Beyond this a Topkg package description provides information about the package's distribution creation and publication procedures. This enables swift and correct package distribution management via the topkg tool, see Package care.

Source repository setup

The root of you source repository should have the following layout:

Quick setup (advertisement)

If you start a new library carcass can generate the structural boilerplate with your personal information and preferences. Invoke:

carcass body topkg/pkg mypkg
(cd mypkg && git init && git add . && git commit -m "First commit.")
opam pin add -kgit mypkg mypkg#master

and you have a library that is {opam,ocamlfind}-able with correct version watermarks on releases and opam pins.
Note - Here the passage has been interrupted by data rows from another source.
(* If there exists a depth assignment $d:\Sigma^n\to\Sigma$ such that the valid subgraph of $B_n$ has a Hamiltonian cycle, then such a cycle $s_0,s_1,\dots,s_{N-1}$ (with $N=k^n$) corresponds to a de Bruijn sequence $s_0[0]s_1[0]\cdots s_{N-1}[0]$ of order $n$ whose discrepancy is at most $n+1$.
   Context: Let $k\ge 1$ be an integer, $\Sigma=\{0,1,\dots,k-1\}$ with arithmetic on symbols taken modulo $k$, and $n\ge 1$. For $s\in\Sigma^n$ write $s=s[0]\cdots s[n-1]$. The de Bruijn graph $B_n$ has node set $\Sigma^n$ and an arc $(s,t)$ iff $s[1]\cdots s[n-1]=t[0]\cdots t[n-2]$. A depth assignment is any function $d:\Sigma^n\to\Sigma$, written $s\mapsto d_s$. An arc $(s,t)$ of $B_n$ is valid (with respect to $d$) if, with $b=s[0]$ and $c=t[n-1]$, either ($b+1=c$ and $d_s=d_t$) or ($b+1=d_t$ and $c=d_s$); the valid arcs (on all of $\Sigma^n$) form the valid subgraph. A de Bruijn sequence of order $n$ is a circular string of length $k^n$ in which every string in $\Sigma^n$ occurs exactly once. The discrepancy of a string $w$ is the maximum over all substrings $s$ of $w$ (viewed circularly) of $\max_{a\in\Sigma}|s|_a-\min_{c\in\Sigma}|s|_c$, where $|s|_a$ is the number of occurrences of $a$ in $s$. *)

theory Defs
  imports Main
begin

definition words :: "nat \<Rightarrow> nat \<Rightarrow> nat list set" where
  "words k n = {s. length s = n \<and> set s \<subseteq> {..<k}}"

definition db_arc :: "nat \<Rightarrow> nat \<Rightarrow> nat list \<Rightarrow> nat list \<Rightarrow> bool" where
  "db_arc k n s t \<longleftrightarrow> s \<in> words k n \<and> t \<in> words k n \<and> tl s = butlast t"

definition valid_arc :: "nat \<Rightarrow> nat \<Rightarrow> (nat list \<Rightarrow> nat) \<Rightarrow> nat list \<Rightarrow> nat list \<Rightarrow> bool" where
  "valid_arc k n d s t \<longleftrightarrow> db_arc k n s t \<and>
     (let b = s ! 0; c = t ! (n - 1) in
       ((b + 1) mod k = c \<and> d s = d t) \<or> ((b + 1) mod k = d t \<and> c = d s))"

definition circ_sub :: "nat list \<Rightarrow> nat \<Rightarrow> nat \<Rightarrow> nat list" where
  "circ_sub w i l = map (\<lambda>j. w ! ((i + j) mod length w)) [0..<l]"

definition de_bruijn :: "nat \<Rightarrow> nat \<Rightarrow> nat list \<Rightarrow> bool" where
  "de_bruijn k n w \<longleftrightarrow> length w = k ^ n \<and> set w \<subseteq> {..<k} \<and>
     (\<forall>s \<in> words k n. \<exists>!i. i < length w \<and> circ_sub w i n = s)"

definition discrepancy :: "nat \<Rightarrow> nat list \<Rightarrow> int" where
  "discrepancy k w = Max {int (count_list s a) - int (count_list s c) | s a c.
      (\<exists>i l. i < length w \<and> l \<le> length w \<and> s = circ_sub w i l) \<and> a < k \<and> c < k}"

end

theory Submission
  imports Defs "HOL-Library.Multiset"
begin

text \<open>Extend each node s to the list d s # s of length n + 1. An arc (s, t) is valid
  exactly when the multisets of s!0 # d t # t and (s!0 + 1) # d s # s coincide. Fix symbols
  a, c and the cyclic interval I = (c, a] of \<Sigma>. Emitting the head b of the current node and
  moving on changes the number of entries of d s # s lying in I by [b + 1 \<in> I] - [b \<in> I],
  which equals [b = a] - [b = c]. So on every window of the sequence, #a - #c is the decrease
  of that number between the end nodes of the window, hence at most n + 1. The de Bruijn
  property only needs that consecutive nodes overlap in n - 1 symbols, so the n symbols read
  off from node s spell s.\<close>

lemma length_filter_eq_if_mset_eq:
  "mset xs = mset ys \<Longrightarrow> length (filter P xs) = length (filter P ys)"
  by (metis mset_filter size_mset)

lemma length_filter_add_count_list_eq:
  assumes "\<forall>x\<in>set u. of_bool (P x) + of_bool (x = c) = of_bool (Q x) + (of_bool (x = a) :: nat)"
  shows "length (filter P u) + count_list u c = length (filter Q u) + count_list u a"
  using assms by (induction u) (simp_all add: of_bool_def split: if_splits)

definition cyclic_interval :: "nat \<Rightarrow> nat \<Rightarrow> nat \<Rightarrow> nat set" where
  "cyclic_interval k c a = {x. x < k \<and> (if c < a then c < x \<and> x \<le> a else x \<le> a \<or> c < x)}"

lemma of_bool_cyclic_interval_Suc:
  assumes "b < k" "a < k" "c < k"
  shows "of_bool (b \<in> cyclic_interval k c a) + of_bool (b = c) =
         of_bool (Suc b mod k \<in> cyclic_interval k c a) + (of_bool (b = a) :: nat)"
proof -
  have "Suc b mod k = (if Suc b = k then 0 else Suc b)"
    using assms(1) by auto
  then show ?thesis
    using assms unfolding cyclic_interval_def by (auto simp: of_bool_def)
qed

lemma words_nth_less: "s \<in> words k n \<Longrightarrow> i < n \<Longrightarrow> s ! i < k"
  unfolding words_def using nth_mem by blast

lemma db_arc_Cons_snoc:
  assumes "db_arc k n s t" "n \<ge> 1"
  shows "s = s ! 0 # tl s" "t = tl s @ [t ! (n - 1)]"
proof -
  have "length s = n" "length t = n" "tl s = butlast t"
    using assms(1) unfolding db_arc_def words_def by auto
  moreover from this assms(2) have "s \<noteq> []" "t \<noteq> []"
    by auto
  ultimately have "t ! (n - 1) = last t"
    by (simp add: last_conv_nth)
  then show "t = tl s @ [t ! (n - 1)]"
    using \<open>tl s = butlast t\<close> \<open>t \<noteq> []\<close> by simp
  show "s = s ! 0 # tl s"
    using \<open>s \<noteq> []\<close> by (simp add: hd_conv_nth [symmetric])
qed

lemma valid_arc_mset:
  assumes "valid_arc k n d s t" "n \<ge> 1"
  shows "mset (s ! 0 # d t # t) = mset (Suc (s ! 0) mod k # d s # s)"
proof -
  have arc: "db_arc k n s t"
    and "(Suc (s ! 0) mod k = t ! (n - 1) \<and> d s = d t) \<or>
         (Suc (s ! 0) mod k = d t \<and> t ! (n - 1) = d s)"
    using assms(1) unfolding valid_arc_def Let_def by auto
  moreover have "mset (s ! 0 # d t # t) = {#s ! 0, d t, t ! (n - 1)#} + mset (tl s)"
    by (subst db_arc_Cons_snoc(2)[OF arc assms(2)]) simp
  moreover have "mset (Suc (s ! 0) mod k # d s # s) = {#Suc (s ! 0) mod k, d s, s ! 0#} + mset (tl s)"
    by (subst db_arc_Cons_snoc(1)[OF arc assms(2)]) simp
  ultimately show ?thesis
    by (auto simp: add_mset_commute)
qed

lemma db_walk_nth:
  assumes "\<forall>j. db_arc k n (v j) (v (Suc j))" "i + m < n"
  shows "v (j + m) ! i = v j ! (i + m)"
  using assms(2)
proof (induction m arbitrary: i)
  case 0
  then show ?case by simp
next
  case (Suc m)
  let ?s = "v (j + m)" and ?t = "v (Suc (j + m))"
  have len: "length ?s = n" "length ?t = n" and overlap: "tl ?s = butlast ?t"
    using assms(1) unfolding db_arc_def words_def by auto
  have "?t ! i = butlast ?t ! i"
    using len(2) Suc.prems by (simp add: nth_butlast)
  also have "\<dots> = tl ?s ! i"
    using overlap by simp
  also have "\<dots> = ?s ! Suc i"
    using len(1) Suc.prems by (simp add: nth_tl)
  finally have "?t ! i = ?s ! Suc i" .
  then show ?case
    using Suc.IH[of "Suc i"] Suc.prems by simp
qed

lemma db_walk_heads:
  assumes "\<forall>j. db_arc k n (v j) (v (Suc j))"
  shows "map (\<lambda>j. v (i + j) ! 0) [0..<n] = v i"
proof -
  have "length (v i) = n"
    using assms unfolding db_arc_def words_def by blast
  with db_walk_nth[OF assms, of 0] show ?thesis
    by (intro nth_equalityI) auto
qed

lemma valid_walk_count_telescope:
  assumes "\<forall>j<l. valid_arc k n d (v j) (v (Suc j))" "n \<ge> 1"
  defines "u \<equiv> map (\<lambda>j. v j ! 0) [0..<l]"
  shows "length (filter P (d (v l) # v l)) + length (filter P u) =
         length (filter P (d (v 0) # v 0)) + length (filter (\<lambda>x. P (Suc x mod k)) u)"
  using assms(1) unfolding u_def
proof (induction l)
  case 0
  then show ?case by simp
next
  case (Suc l)
  have "length (filter P (v l ! 0 # d (v (Suc l)) # v (Suc l))) =
        length (filter P (Suc (v l ! 0) mod k # d (v l) # v l))"
    using valid_arc_mset[OF _ assms(2)] Suc.prems length_filter_eq_if_mset_eq by blast
  then show ?case
    using Suc by (auto split: if_splits)
qed

lemma valid_walk_count_diff_le:
  fixes l :: nat
  assumes "\<forall>j. valid_arc k n d (v j) (v (Suc j))" "n \<ge> 1" "a < k" "c < k"
  defines "u \<equiv> map (\<lambda>j. v j ! 0) [0..<l]"
  shows "int (count_list u a) - int (count_list u c) \<le> int n + 1"
proof -
  let ?I = "cyclic_interval k c a"
  have walk: "\<forall>j<l. valid_arc k n d (v j) (v (Suc j))"
    using assms(1) by blast
  have nodes: "v j \<in> words k n" for j
    using assms(1) unfolding valid_arc_def db_arc_def by blast
  then have "\<forall>x\<in>set u. x < k"
    unfolding u_def using words_nth_less[OF nodes, where i = 0] assms(2) by auto
  then have "length (filter (\<lambda>x. x \<in> ?I) u) + count_list u c =
             length (filter (\<lambda>x. Suc x mod k \<in> ?I) u) + count_list u a"
    using of_bool_cyclic_interval_Suc assms(3,4) by (intro length_filter_add_count_list_eq) auto
  moreover have "length (filter (\<lambda>x. x \<in> ?I) (d (v 0) # v 0)) \<le> length (d (v 0) # v 0)"
    by (rule length_filter_le)
  moreover have "length (d (v 0) # v 0) = n + 1"
    using nodes[of 0] unfolding words_def by simp
  ultimately show ?thesis
    using valid_walk_count_telescope[OF walk assms(2), where P = "\<lambda>x. x \<in> ?I"]
    unfolding u_def by linarith
qed

definition cycle_node :: "'a list \<Rightarrow> nat \<Rightarrow> 'a" where
  "cycle_node xs j = xs ! (j mod length xs)"

lemma cycle_node_arc:
  assumes "\<forall>i < length xs. R (xs ! i) (xs ! ((i + 1) mod length xs))" "xs \<noteq> []"
  shows "R (cycle_node xs j) (cycle_node xs (Suc j))"
  using assms(1)[rule_format, of "j mod length xs"] assms(2)
  by (simp add: cycle_node_def mod_Suc_eq)

lemma circ_sub_map:
  "xs \<noteq> [] \<Longrightarrow> circ_sub (map f xs) i l = map (\<lambda>j. f (cycle_node xs (i + j))) [0..<l]"
  unfolding circ_sub_def cycle_node_def by simp

lemma de_bruijn_heads_of_db_cycle:
  assumes "length cyc = k ^ n" "distinct cyc" "set cyc = words k n" "n \<ge> 1"
    and "\<forall>j. db_arc k n (cycle_node cyc j) (cycle_node cyc (Suc j))"
  shows "de_bruijn k n (map (\<lambda>s. s ! 0) cyc)"
  unfolding de_bruijn_def
proof (intro conjI ballI)
  have "circ_sub (map (\<lambda>s. s ! 0) cyc) i n = cyc ! i" if "i < length cyc" for i
  proof -
    have "cyc \<noteq> []"
      using that by auto
    then show ?thesis
      using db_walk_heads[OF assms(5), of i] that by (simp add: circ_sub_map cycle_node_def)
  qed
  then show "\<exists>!i. i < length (map (\<lambda>s. s ! 0) cyc) \<and> circ_sub (map (\<lambda>s. s ! 0) cyc) i n = s"
    if "s \<in> words k n" for s
    using distinct_Ex1[OF assms(2), of s] that assms(3) by (metis length_map)
  show "set (map (\<lambda>s. s ! 0) cyc) \<subseteq> {..<k}"
    using assms(3,4) words_nth_less by auto
qed (simp add: assms(1))

lemma discrepancy_le:
  assumes "w \<noteq> []" "k \<ge> 1"
    and "\<And>i l a c. a < k \<Longrightarrow> c < k \<Longrightarrow>
           int (count_list (circ_sub w i l) a) - int (count_list (circ_sub w i l) c) \<le> B"
  shows "discrepancy k w \<le> B"
proof -
  let ?diff = "\<lambda>(i, l, a, c). int (count_list (circ_sub w i l) a) - int (count_list (circ_sub w i l) c)"
  let ?D = "{int (count_list s a) - int (count_list s c) | s a c.
      (\<exists>i l. i < length w \<and> l \<le> length w \<and> s = circ_sub w i l) \<and> a < k \<and> c < k}"
  have D_eq: "?D = ?diff ` ({..<length w} \<times> {..length w} \<times> {..<k} \<times> {..<k})"
    by (auto simp: image_iff) blast+
  have "finite ?D" and "?D \<noteq> {}"
    unfolding D_eq using assms(1,2) by (auto simp: lessThan_empty_iff)
  then show ?thesis
    unfolding discrepancy_def using assms(3) by (subst Max_le_iff) auto
qed

theorem theorem2:
  fixes k n :: nat and d :: "nat list \<Rightarrow> nat" and cyc :: "nat list list"
  assumes "k \<ge> 1" and "n \<ge> 1"
    and "\<forall>s \<in> words k n. d s < k"
    and "length cyc = k ^ n" and "distinct cyc" and "set cyc = words k n"
    and "\<forall>i < length cyc. valid_arc k n d (cyc ! i) (cyc ! ((i + 1) mod length cyc))"
  shows "de_bruijn k n (map (\<lambda>s. s ! 0) cyc) \<and>
         discrepancy k (map (\<lambda>s. s ! 0) cyc) \<le> int n + 1"
proof
  have "cyc \<noteq> []"
    using assms(1,4) by auto
  then have arcs: "valid_arc k n d (cycle_node cyc j) (cycle_node cyc (Suc j))" for j
    using cycle_node_arc[OF assms(7)] by blast
  then show "de_bruijn k n (map (\<lambda>s. s ! 0) cyc)"
    using de_bruijn_heads_of_db_cycle[OF assms(4,5,6,2)] unfolding valid_arc_def by blast
  show "discrepancy k (map (\<lambda>s. s ! 0) cyc) \<le> int n + 1"
  proof (rule discrepancy_le)
    fix i l a c :: nat
    assume "a < k" "c < k"
    have "\<forall>j. valid_arc k n d (cycle_node cyc (i + j)) (cycle_node cyc (i + Suc j))"
      using arcs by simp
    from valid_walk_count_diff_le[where v = "\<lambda>j. cycle_node cyc (i + j)", OF this assms(2)
        \<open>a < k\<close> \<open>c < k\<close>]
    show "int (count_list (circ_sub (map (\<lambda>s. s ! 0) cyc) i l) a) -
          int (count_list (circ_sub (map (\<lambda>s. s ! 0) cyc) i l) c) \<le> int n + 1"
      by (simp add: circ_sub_map \<open>cyc \<noteq> []\<close>)
  qed (use \<open>cyc \<noteq> []\<close> assms(1) in auto)
qed

end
You are now only a few invocations away to release it in the OCaml opam repository, see topkg help release for doing so; but don't forget to document it and make it do something useful.

opam and package build instructions

The package needs to build-depend on topkg as well as ocamlfind which is used by the package description file pkg/pkg.ml to find the topkg library; it is likely that you are using ocamlbuild too. So the depends field of your opam file should at least have:

depends: [
  "ocamlfind" {build}
  "ocamlbuild" {build}
  "topkg" {build & >= 0.9.0} ]

The build instructions of the package are simply an invocation of pkg/pkg.ml with the build command and a specification of the build configuration on the command line. In the simplest case, if your package has no configuration options, this simply boils down to:

# For opam >= 2.0
build: [[ "ocaml" "pkg/pkg.ml" "build" "--dev-pkg" "%{dev}%" ]]

# For opam < 2.0
build: [[ "ocaml" "pkg/pkg.ml" "build" "--dev-pkg" "%{pinned}%" ]]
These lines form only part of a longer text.